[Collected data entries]
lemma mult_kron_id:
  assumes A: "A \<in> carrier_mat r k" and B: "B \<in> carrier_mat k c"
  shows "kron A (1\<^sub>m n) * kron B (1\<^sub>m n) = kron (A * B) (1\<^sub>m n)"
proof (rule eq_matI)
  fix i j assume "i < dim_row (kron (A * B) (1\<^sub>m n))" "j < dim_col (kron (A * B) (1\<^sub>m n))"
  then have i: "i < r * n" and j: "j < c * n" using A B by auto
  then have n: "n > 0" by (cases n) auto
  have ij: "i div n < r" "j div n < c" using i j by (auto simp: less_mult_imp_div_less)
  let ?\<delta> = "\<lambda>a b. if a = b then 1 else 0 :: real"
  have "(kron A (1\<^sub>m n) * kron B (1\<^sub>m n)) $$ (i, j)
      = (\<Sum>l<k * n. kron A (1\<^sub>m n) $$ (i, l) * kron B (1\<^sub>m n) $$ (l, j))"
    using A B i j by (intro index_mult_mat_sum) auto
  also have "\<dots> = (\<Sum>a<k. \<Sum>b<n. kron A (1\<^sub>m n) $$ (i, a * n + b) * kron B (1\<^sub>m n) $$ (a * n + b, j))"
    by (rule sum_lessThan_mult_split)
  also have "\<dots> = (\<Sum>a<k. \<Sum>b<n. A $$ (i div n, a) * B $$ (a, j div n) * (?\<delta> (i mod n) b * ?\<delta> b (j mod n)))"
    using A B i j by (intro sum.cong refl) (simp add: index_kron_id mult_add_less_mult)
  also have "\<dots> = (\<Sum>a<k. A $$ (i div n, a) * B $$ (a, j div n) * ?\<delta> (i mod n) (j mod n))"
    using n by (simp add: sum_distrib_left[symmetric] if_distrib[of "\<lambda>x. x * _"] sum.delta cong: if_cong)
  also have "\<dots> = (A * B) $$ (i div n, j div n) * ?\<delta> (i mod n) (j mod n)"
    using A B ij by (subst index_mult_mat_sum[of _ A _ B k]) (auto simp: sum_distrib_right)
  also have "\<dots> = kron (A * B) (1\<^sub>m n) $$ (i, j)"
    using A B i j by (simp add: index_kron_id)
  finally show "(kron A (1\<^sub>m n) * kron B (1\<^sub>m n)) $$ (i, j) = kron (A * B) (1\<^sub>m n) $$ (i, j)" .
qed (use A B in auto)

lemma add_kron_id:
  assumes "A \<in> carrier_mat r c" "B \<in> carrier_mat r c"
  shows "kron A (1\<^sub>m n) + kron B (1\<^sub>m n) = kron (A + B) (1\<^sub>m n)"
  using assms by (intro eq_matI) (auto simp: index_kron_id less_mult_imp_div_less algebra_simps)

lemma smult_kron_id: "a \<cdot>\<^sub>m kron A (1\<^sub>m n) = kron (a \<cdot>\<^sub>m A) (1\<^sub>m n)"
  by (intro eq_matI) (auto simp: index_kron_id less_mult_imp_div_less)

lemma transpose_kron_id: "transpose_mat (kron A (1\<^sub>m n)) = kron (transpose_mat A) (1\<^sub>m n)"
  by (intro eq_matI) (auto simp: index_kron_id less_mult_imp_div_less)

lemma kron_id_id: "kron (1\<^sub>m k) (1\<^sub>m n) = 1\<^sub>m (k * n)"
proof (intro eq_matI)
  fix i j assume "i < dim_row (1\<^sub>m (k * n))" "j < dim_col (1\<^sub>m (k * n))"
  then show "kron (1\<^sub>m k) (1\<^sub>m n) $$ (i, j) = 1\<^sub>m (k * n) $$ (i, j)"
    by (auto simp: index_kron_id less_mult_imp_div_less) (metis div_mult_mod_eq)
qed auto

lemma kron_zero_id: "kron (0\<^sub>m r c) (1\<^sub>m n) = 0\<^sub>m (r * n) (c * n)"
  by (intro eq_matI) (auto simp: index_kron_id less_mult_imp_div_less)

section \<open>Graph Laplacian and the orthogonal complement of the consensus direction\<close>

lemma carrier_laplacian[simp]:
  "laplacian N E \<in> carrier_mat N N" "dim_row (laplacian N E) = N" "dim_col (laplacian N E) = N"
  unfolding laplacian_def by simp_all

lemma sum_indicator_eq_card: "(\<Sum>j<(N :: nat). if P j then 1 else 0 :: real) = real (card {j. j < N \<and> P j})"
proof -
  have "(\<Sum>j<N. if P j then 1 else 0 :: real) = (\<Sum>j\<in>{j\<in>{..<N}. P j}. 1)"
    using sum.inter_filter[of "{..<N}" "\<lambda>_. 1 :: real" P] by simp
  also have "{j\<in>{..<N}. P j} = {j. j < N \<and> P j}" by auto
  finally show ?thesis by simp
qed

## TASK DIRECTIONS
Print the entries exactly.

## TASK SOLUTION
lemma mult_kron_id:
  assumes A: "A \<in> carrier_mat r k" and B: "B \<in> carrier_mat k c"
  shows "kron A (1\<^sub>m n) * kron B (1\<^sub>m n) = kron (A * B) (1\<^sub>m n)"
proof (rule eq_matI)
  fix i j assume "i < dim_row (kron (A * B) (1\<^sub>m n))" "j < dim_col (kron (A * B) (1\<^sub>m n))"
  then have i: "i < r * n" and j: "j < c * n" using A B by auto
  then have n: "n > 0" by (cases n) auto
  have ij: "i div n < r" "j div n < c" using i j by (auto simp: less_mult_imp_div_less)
  let ?\<delta> = "\<lambda>a b. if a = b then 1 else 0 :: real"
  have "(kron A (1\<^sub>m n) * kron B (1\<^sub>m n)) $$ (i, j)
      = (\<Sum>l<k * n. kron A (1\<^sub>m n) $$ (i, l) * kron B (1\<^sub>m n) $$ (l, j))"
    using A B i j by (intro index_mult_mat_sum) auto
  also have "\<dots> = (\<Sum>a<k. \<Sum>b<n. kron A (1\<^sub>m n) $$ (i, a * n + b) * kron B (1\<^sub>m n) $$ (a * n + b, j))"
    by (rule sum_lessThan_mult_split)
  also have "\<dots> = (\<Sum>a<k. \<Sum>b<n. A $$ (i div n, a) * B $$ (a, j div n) * (?\<delta> (i mod n) b * ?\<delta> b (j mod n)))"
    using A B i j by (intro sum.cong refl) (simp add: index_kron_id mult_add_less_mult)
  also have "\<dots> = (\<Sum>a<k. A $$ (i div n, a) * B $$ (a, j div n) * ?\<delta> (i mod n) (j mod n))"
    using n by (simp add: sum_distrib_left[symmetric] if_distrib[of "\<lambda>x. x * _"] sum.delta cong: if_cong)
  also have "\<dots> = (A * B) $$ (i div n, j div n) * ?\<delta> (i mod n) (j mod n)"
    using A B ij by (subst index_mult_mat_sum[of _ A _ B k]) (auto simp: sum_distrib_right)
  also have "\<dots> = kron (A * B) (1\<^sub>m n) $$ (i, j)"
    using A B i j by (simp add: index_kron_id)
  finally show "(kron A (1\<^sub>m n) * kron B (1\<^sub>m n)) $$ (i, j) = kron (A * B) (1\<^sub>m n) $$ (i, j)" .
qed (use A B in auto)

lemma add_kron_id:
  assumes "A \<in> carrier_mat r c" "B \<in> carrier_mat r c"
  shows "kron A (1\<^sub>m n) + kron B (1\<^sub>m n) = kron (A + B) (1\<^sub>m n)"
  using assms by (intro eq_matI) (auto simp: index_kron_id less_mult_imp_div_less algebra_simps)

lemma smult_kron_id: "a \<cdot>\<^sub>m kron A (1\<^sub>m n) = kron (a \<cdot>\<^sub>m A) (1\<^sub>m n)"
  by (intro eq_matI) (auto simp: index_kron_id less_mult_imp_div_less)

lemma transpose_kron_id: "transpose_mat (kron A (1\<^sub>m n)) = kron (transpose_mat A) (1\<^sub>m n)"
  by (intro eq_matI) (auto simp: index_kron_id less_mult_imp_div_less)

lemma kron_id_id: "kron (1\<^sub>m k) (1\<^sub>m n) = 1\<^sub>m (k * n)"
proof (intro eq_matI)
  fix i j assume "i < dim_row (1\<^sub>m (k * n))" "j < dim_col (1\<^sub>m (k * n))"
  then show "kron (1\<^sub>m k) (1\<^sub>m n) $$ (i, j) = 1\<^sub>m (k * n) $$ (i, j)"
    by (auto simp: index_kron_id less_mult_imp_div_less) (metis div_mult_mod_eq)
qed auto

lemma kron_zero_id: "kron (0\<^sub>m r c) (1\<^sub>m n) = 0\<^sub>m (r * n) (c * n)"
  by (intro eq_matI) (auto simp: index_kron_id less_mult_imp_div_less)

section \<open>Graph Laplacian and the orthogonal complement of the consensus direction\<close>

lemma carrier_laplacian[simp]:
  "laplacian N E \<in> carrier_mat N N" "dim_row (laplacian N E) = N" "dim_col (laplacian N E) = N"
  unfolding laplacian_def by simp_all

lemma sum_indicator_eq_card: "(\<Sum>j<(N :: nat). if P j then 1 else 0 :: real) = real (card {j. j < N \<and> P j})"
proof -
  have "(\<Sum>j<N. if P j then 1 else 0 :: real) = (\<Sum>j\<in>{j\<in>{..<N}. P j}. 1)"
    using sum.inter_filter[of "{..<N}" "\<lambda>_. 1 :: real" P] by simp
  also have "{j\<in>{..<N}. P j} = {j. j < N \<and> P j}" by auto
  finally show ?thesis by simp
qed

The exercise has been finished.